Iperf Bandwidth Performance
The iperf benchmark were performed with the default configuration with the command at client side:
iperf -c 192.168.2.1
With general optimizations mentioned in Section tuning, QLOGIC QLE8442 and delivers the best performance, cx311a from Mellanox and exanicx2 are slightly left behind while Chelsio T420-LL-CR gave the worst performance.
To be noted that the performance from exanicx2 NIC was obtained by using the exasock tools provided by Exanic.
Sockperf UDP Latency Performance
The sockperf benchmark were performed with parameters
-t 5 -m 12 which set the running time for benchmark to be 5 seconds and the message size to be 12 bytes with the command from client side:
sockperf pp -i 192.168.2.2 -t 5 -m 12.
Please note that in order to achieve the optimised latency of EXANIC X2 card as suggested by the official documents, the exasock tool was used and the process was pinned to CPU core 12 such as:
exasock taskset -c 12 sockperf pp -i 192.168.0.1 -t 5 -m 12
With the help of exasock tool, the card exanix2 achieved the best performance in latency while cx311a from Mellanox and Solarflare are slightly left behind.
IMB MPI Performance
The MPI benchmark was launched using command:
mpirun -n 2 -host 192.168.2.1,192.168.2.2 --npernode 1 --allow-run-as-root IMB-MPI1 pingpong
Pingpong: a single message is sent between two MPI processes.
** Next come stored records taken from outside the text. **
lemma card_P_line_minus_P: "M \<in> lines_y \<Longrightarrow> card ({x\<in>Pts. inc x (P_line M)} - {P}) = s"
  using P_line_spec[of M] P_in_Pts card_points_on_line by (simp add: card_Diff_singleton_if)

text \<open>If \<open>v \<in> A N\<close> fixes a point \<open>w \<noteq> P\<close> of \<open>P_line M\<close>, it also fixes the point of \<open>N\<close>
  collinear with \<open>w\<close>, which is not collinear with \<open>P\<close>.\<close>

lemma A_fixes_no_point_of_P_line:
  assumes M: "M \<in> lines_y" and N: "N \<in> lines_y" and MN: "M \<noteq> N" and v: "v \<in> A N"
    and w: "w \<in> Pts" "inc w (P_line M)" "w \<noteq> P" and fixed: "ap v w = w"
  shows "v = \<one>"
proof -
  have vc: "v \<in> carrier G" and vN: "al v N = N" using v A_iff by auto
  have LM: "P_line M \<in> Lns" "inc P (P_line M)" using P_line_spec[OF M] by auto
  have LN: "inc P (P_line N)" "inc (proj N) (P_line N)" using P_line_spec[OF N] by auto
  have LMN: "P_line M \<noteq> P_line N" using P_line_inj[OF M N MN] .
  have NL: "N \<in> Lns" using N by simp
  have zN: "proj N \<in> Pts" "inc (proj N) N" "col P (proj N)" using proj_spec[OF N] by auto
  have w_not_N: "\<not> inc w N"
  proof
    assume "inc w N"
    then have "w = proj N" using proj_unique[OF N w(1)] collinearI[OF LM(2) w(2)] by simp
    then have "P_line M = P_line N" using line_unique[OF w(3) w(2) LM(2)] LN by simp
    then show False using LMN by simp
  qed
  obtain p where p: "p \<in> Pts" "inc p N" "col w p"
    using ex1_collinear_on_line[OF w(1) NL w_not_N] by blast
  have "p \<noteq> proj N"
  proof
    assume pz: "p = proj N"
    have "\<not> inc (proj N) (P_line M)"
    proof
      assume "inc (proj N) (P_line M)"
      then have "P_line M = P_line N" using line_unique[OF proj_ne_P[OF N]] LM(2) LN by blast
      then show False using LMN by simp
    qed
    moreover have "col (proj N) w" using collinear_sym[OF p(3)] pz by simp
    ultimately have "P = w"
      using collinear_on_line_unique[OF zN(1) LM(1) _ LM(2) w(2) collinear_sym[OF zN(3)]] by blast
    then show False using w(3) by simp
  qed
  then have pNC: "p \<in> NC" using NC_if_on_line_y[OF N p(2)] by simp
  have "inc (ap v p) N" using inc_ap_al[OF vc p(2)] vN by simp
  moreover have "col w (ap v p)" using collinear_ap[OF vc p(3)] fixed by simp
  ultimately have "p = ap v p"
    using collinear_on_line_unique[OF w(1) NL w_not_N p(2) _ p(3)] by blast
  then show ?thesis using eq_one_if_fixes_NC[OF vc pNC] by simp
qed

lemma A_regular_on_P_line:
  assumes M: "M \<in> lines_y" and N: "N \<in> lines_y" and MN: "M \<noteq> N"
    and w: "w \<in> Pts" "inc w (P_line M)" "w \<noteq> P"
  shows "bij_betw (\<lambda>v. ap v w) (A N) ({x\<in>Pts. inc x (P_line M)} - {P})"
proof -
  let ?T = "{x\<in>Pts. inc x (P_line M)} - {P}"
  have sub: "subgroup (A N) G" using subgroup_A[OF N] .
  have inj: "inj_on (\<lambda>v. ap v w) (A N)"
  proof (rule inj_onI)
    fix v v' assume v: "v \<in> A N" and v': "v' \<in> A N" and e: "ap v w = ap v' w"
    have vc: "v \<in> carrier G" and v'c: "v' \<in> carrier G" using v v' A_iff by auto
    have "inv v' \<otimes> v \<in> A N" using v v' sub by (simp add: subgroup.m_closed subgroup.m_inv_closed)
    moreover have "ap (inv v' \<otimes> v) w = w" using ap_mult[OF _ vc w(1)] e ap_inv_ap[OF v'c w(1)] v'c by simp
    ultimately have "inv v' \<otimes> v = \<one>" using A_fixes_no_point_of_P_line[OF M N MN _ w] by blast
    then show "v = v'" using vc v'c by (metis inv_equality inv_inv inv_closed)
  qed
  have "(\<lambda>v. ap v w) ` A N \<subseteq> ?T"
  proof
    fix x assume "x \<in> (\<lambda>v. ap v w) ` A N"
    then obtain v where v: "v \<in> carrier G" and x: "x = ap v w" using A_iff by blast
    have "inc x (P_line M)"
      using inc_ap_al[OF v w(2)] al_fixes_line_through_P[OF v] P_line_spec[OF M] x by simp
    moreover have "x \<noteq> P"
      using ap_inj_iff[OF v w(1) P_in_Pts] ap_fixes_P[OF v] w(3) x by simp
    ultimately show "x \<in> ?T" using ap_closed[OF v w(1)] x by simp
  qed
  moreover have "card ((\<lambda>v. ap v w) ` A N) = card ?T"
    using card_image[OF inj] card_A[OF N] card_P_line_minus_P[OF M] by simp
  ultimately have "(\<lambda>v. ap v w) ` A N = ?T" using finite_Pts by (intro card_subset_eq) auto
  with inj show ?thesis unfolding bij_betw_def by simp
qed

lemma card_A_star_quotients:
  assumes M: "M \<in> lines_y" and N: "N \<in> lines_y" and MN: "M \<noteq> N" and g: "g \<in> carrier G"
  shows "card {v\<in>A N. g \<otimes> inv v \<in> A_star M} = 1"
proof -
  define w where "w = ap (inv g) (proj M)"
  have z: "proj M \<in> Pts" "proj M \<noteq> P" using proj_spec[OF M] proj_ne_P[OF M] by auto
  have LM: "inc P (P_line M)" "inc (proj M) (P_line M)" using P_line_spec[OF M] by auto
  have wP: "w \<in> Pts" using ap_closed[OF _ z(1)] g w_def by simp
  have gw: "ap g w = proj M" using ap_ap_inv[OF g z(1)] w_def by simp
  have "inc w (P_line M)"
    using inc_ap_al[OF _ LM(2)] al_fixes_line_through_P[OF _ LM(1)] g w_def by simp
  moreover have "w \<noteq> P" using gw ap_fixes_P[OF g] z(2) by auto
  ultimately have bij: "bij_betw (\<lambda>v. ap v w) (A N) ({x\<in>Pts. inc x (P_line M)} - {P})"
    using A_regular_on_P_line[OF M N MN wP] by simp
  have "g \<otimes> inv v \<in> A_star M \<longleftrightarrow> ap v w = proj M" if v: "v \<in> A N" for v
  proof -
    have vc: "v \<in> carrier G" using v A_iff by simp
    have "g \<otimes> inv v \<in> A_star M \<longleftrightarrow> ap g (ap (inv v) (proj M)) = ap g w"
      using A_star_iff[of "g \<otimes> inv v" M] ap_mult[OF g _ z(1), of "inv v"] g vc gw by simp
    also have "\<dots> \<longleftrightarrow> ap (inv v) (proj M) = w"
      using ap_inj_iff[OF g ap_closed[OF _ z(1)] wP, of "inv v"] vc by simp
    also have "\<dots> \<longleftrightarrow> ap v w = proj M"
      using ap_eq_iff_ap_inv[OF vc wP z(1)] by simp
    finally show ?thesis .
  qed
  then have "{v\<in>A N. g \<otimes> inv v \<in> A_star M} = {v\<in>A N. ap v w = proj M}" by blast
  then show ?thesis using card_fiber_bij_betw[OF bij] z LM(2) by simp
qed

lemma ex_A_iff_collinear_y:
  assumes h: "h \<in> carrier G"
  shows "(\<exists>M\<in>lines_y. h \<in> A M) \<longleftrightarrow> col y (ap h y)"
proof
  assume "\<exists>M\<in>lines_y. h \<in> A M"
  then show "col y (ap h y)" using A_iff_inc[OF h] collinearI[of y] by blast
next
  assume "col y (ap h y)"
  then obtain M where "M \<in> Lns" "inc y M" "inc (ap h y) M" by (rule collinearE)
  then show "\<exists>M\<in>lines_y. h \<in> A M" using A_iff_inc[OF h] by blast
qed

lemma ex_A_quotient_iff_collinear:
  assumes g: "g \<in> carrier G" and v: "v \<in> carrier G"
  shows "(\<exists>M\<in>lines_y. g \<otimes> inv v \<in> A M) \<longleftrightarrow> col (ap (inv g) y) (ap (inv v) y)"
proof -
  have "(\<exists>M\<in>lines_y. g \<otimes> inv v \<in> A M) \<longleftrightarrow> col (ap g (ap (inv g) y)) (ap g (ap (inv v) y))"
    using ex_A_iff_collinear_y[of "g \<otimes> inv v"] ap_mult[OF g _ y_in_Pts, of "inv v"]
      ap_ap_inv[OF g y_in_Pts] g v by simp
  also have "\<dots> \<longleftrightarrow> col (ap (inv g) y) (ap (inv v) y)"
    using collinear_ap_iff[OF g ap_closed ap_closed] g v y_in_Pts by simp
  finally show ?thesis .
qed

text \<open>The point of \<open>N\<close> collinear with \<open>w\<close> is not \<open>proj N\<close>, so it is the image of \<open>y\<close> under
  exactly one element of \<open>A N\<close>.\<close>

lemma card_A_inv_collinear:
  assumes N: "N \<in> lines_y" and w: "w \<in> Pts" "\<not> inc w N" and wz: "\<not> col w (proj N)"
  shows "card {v\<in>A N. col w (ap (inv v) y)} = 1"
proof -
  have NL: "N \<in> Lns" using N by simp
  have sub: "subgroup (A N) G" using subgroup_A[OF N] .
  obtain p where p: "p \<in> Pts" "inc p N" "col w p" using ex1_collinear_on_line[OF w(1) NL w(2)] by blast
  then have "p \<noteq> proj N" using wz by blast
  then obtain u where u: "u \<in> carrier G" "ap u y = p" using ex1_ap_y[OF NC_if_on_line_y[OF N p(2)]] by blast
  have uA: "u \<in> A N" using A_iff_inc[OF u(1) N] u p by simp
  have "{v\<in>A N. col w (ap (inv v) y)} = {inv u}"
  proof (intro equalityI subsetI)
    fix v assume "v \<in> {v\<in>A N. col w (ap (inv v) y)}"
    then have v: "v \<in> A N" "col w (ap (inv v) y)" by auto
    then have vc: "v \<in> carrier G" and ivA: "inv v \<in> A N"
      using A_iff subgroup.m_inv_closed[OF sub] by auto
    have "inc (ap (inv v) y) N" using A_iff_inc[OF _ N] ivA vc by simp
    then have "ap (inv v) y = ap u y"
      using collinear_on_line_unique[OF w(1) NL w(2) _ p(2) v(2) p(3)] u(2) by simp
    then have "inv v = u" using ap_y_inj[OF _ u(1)] vc by simp
    then show "v \<in> {inv u}" using inv_inv[OF vc] by simp
  next
    fix v assume "v \<in> {inv u}"
    then show "v \<in> {v\<in>A N. col w (ap (inv v) y)}"
      using subgroup.m_inv_closed[OF sub uA] u p by simp
  qed
  then show ?thesis by simp
qed

lemma card_A_quotients_off_A_star:
  assumes N: "N \<in> lines_y" and g: "g \<in> carrier G" and gN: "g \<notin> A_star N"
  shows "card {v\<in>A N. \<exists>M\<in>lines_y. g \<otimes> inv v \<in> A M} = 1"
proof -
  define w where "w = ap (inv g) y"
  have ig: "inv g \<in> carrier G" using g by simp
  have wP: "w \<in> Pts" using ap_closed[OF ig y_in_Pts] w_def by simp
  have set_eq: "{v\<in>A N. \<exists>M\<in>lines_y. g \<otimes> inv v \<in> A M} = {v\<in>A N. col w (ap (inv v) y)}"
  proof (intro Collect_cong conj_cong refl)
    fix v assume "v \<in> A N"
    then show "(\<exists>M\<in>lines_y. g \<otimes> inv v \<in> A M) \<longleftrightarrow> col w (ap (inv v) y)"
      using ex_A_quotient_iff_collinear[OF g, of v] A_iff w_def by simp
  qed
  have "inv g \<notin> A_star N"
    using subgroup.m_inv_closed[OF subgroup_A_star[OF N]] g gN by force
  then have "\<not> inc w N" and "\<not> col w (proj N)"
    using A_iff_inc[OF ig N] A_subset_A_star[OF N] A_star_iff_collinear[OF ig N] collinear_sym w_def
    by auto
  with set_eq show ?thesis using card_A_inv_collinear[OF N wP] by simp
qed

section \<open>Identities in the group algebra\<close>

lemma finite_lines_y: "finite lines_y" and card_lines_y: "card lines_y = t + 1"
  using finite_Lns card_lines_through[OF y_in_Pts] by simp_all

lemma A_subset_carrier: "A M \<subseteq> carrier G"
  using A_iff by blast

lemma finite_A: "finite (A M)"
  using finite_carrier A_subset_carrier by (rule finite_subset[rotated])

lemma quotient_eq_one_iff: "g \<in> carrier G \<Longrightarrow> v \<in> carrier G \<Longrightarrow> g \<otimes> inv v = \<one> \<longleftrightarrow> g = v"
  using inv_solve_right'[of \<one> g v] by simp

lemma card_lines_containing:
  assumes h: "h \<noteq> \<one>"
  shows "card {M\<in>lines_y. h \<in> A M} = (if \<exists>M\<in>lines_y. h \<in> A M then 1 else 0)"
proof (cases "\<exists>M\<in>lines_y. h \<in> A M")
  case True
  then obtain M0 where M0: "M0 \<in> lines_y" "h \<in> A M0" by blast
  then have "{M\<in>lines_y. h \<in> A M} = {M0}" using A_inter_A[OF _ M0(1) _ _ M0(2)] h by blast
  then show ?thesis using True by simp
next
  case False
  then have "{M\<in>lines_y. h \<in> A M} = {}" by blast
  then show ?thesis using False by (simp only: card.empty if_False)
qed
The network card Chelsio-T420 gives the best overall performance for both small and large messages. For messages less than 4Kbytes, Exanic x2 gives second best performance while when the message becomes larger Solarflare 7322 and QLE8442 start to perform better.
The network card CX311A delivers one of the top performance in terms of bandwidth and at the same time, it also give as a middle-range latency score. Solarflare 7322 delivers best bandwidth which is around 23% better than the average bandwidth performance and it also gives the middle range latency performance. But in terms of MPI operation, pingpong, CX311A is able to deliver solid performance while Solarflare 7322 is able to deliver middle class bandwidth for message less than 4096 bytes but gives the best performance for larger messages.
The EXANIC X2 Card has a great advantage in latency with the help of the exasock provided.
Chelsio T420-LL-CR card is the oldest among the NICs been tested and its ranking in bandwidth and latency also reflect this. However, its performance for MPI operations is not too much left behind.
QLE8442 presents the best performance in bandwidth but also ranked lowest in latency while delivers the middle class MPI operation performance.
- knowledge base and experience
- random driver issues
- with better understanding of the NICs, continue apply optimizations and push these cards to the limit
- with the same configuration, compare other cards or new comers in terms of bandwidth and latency.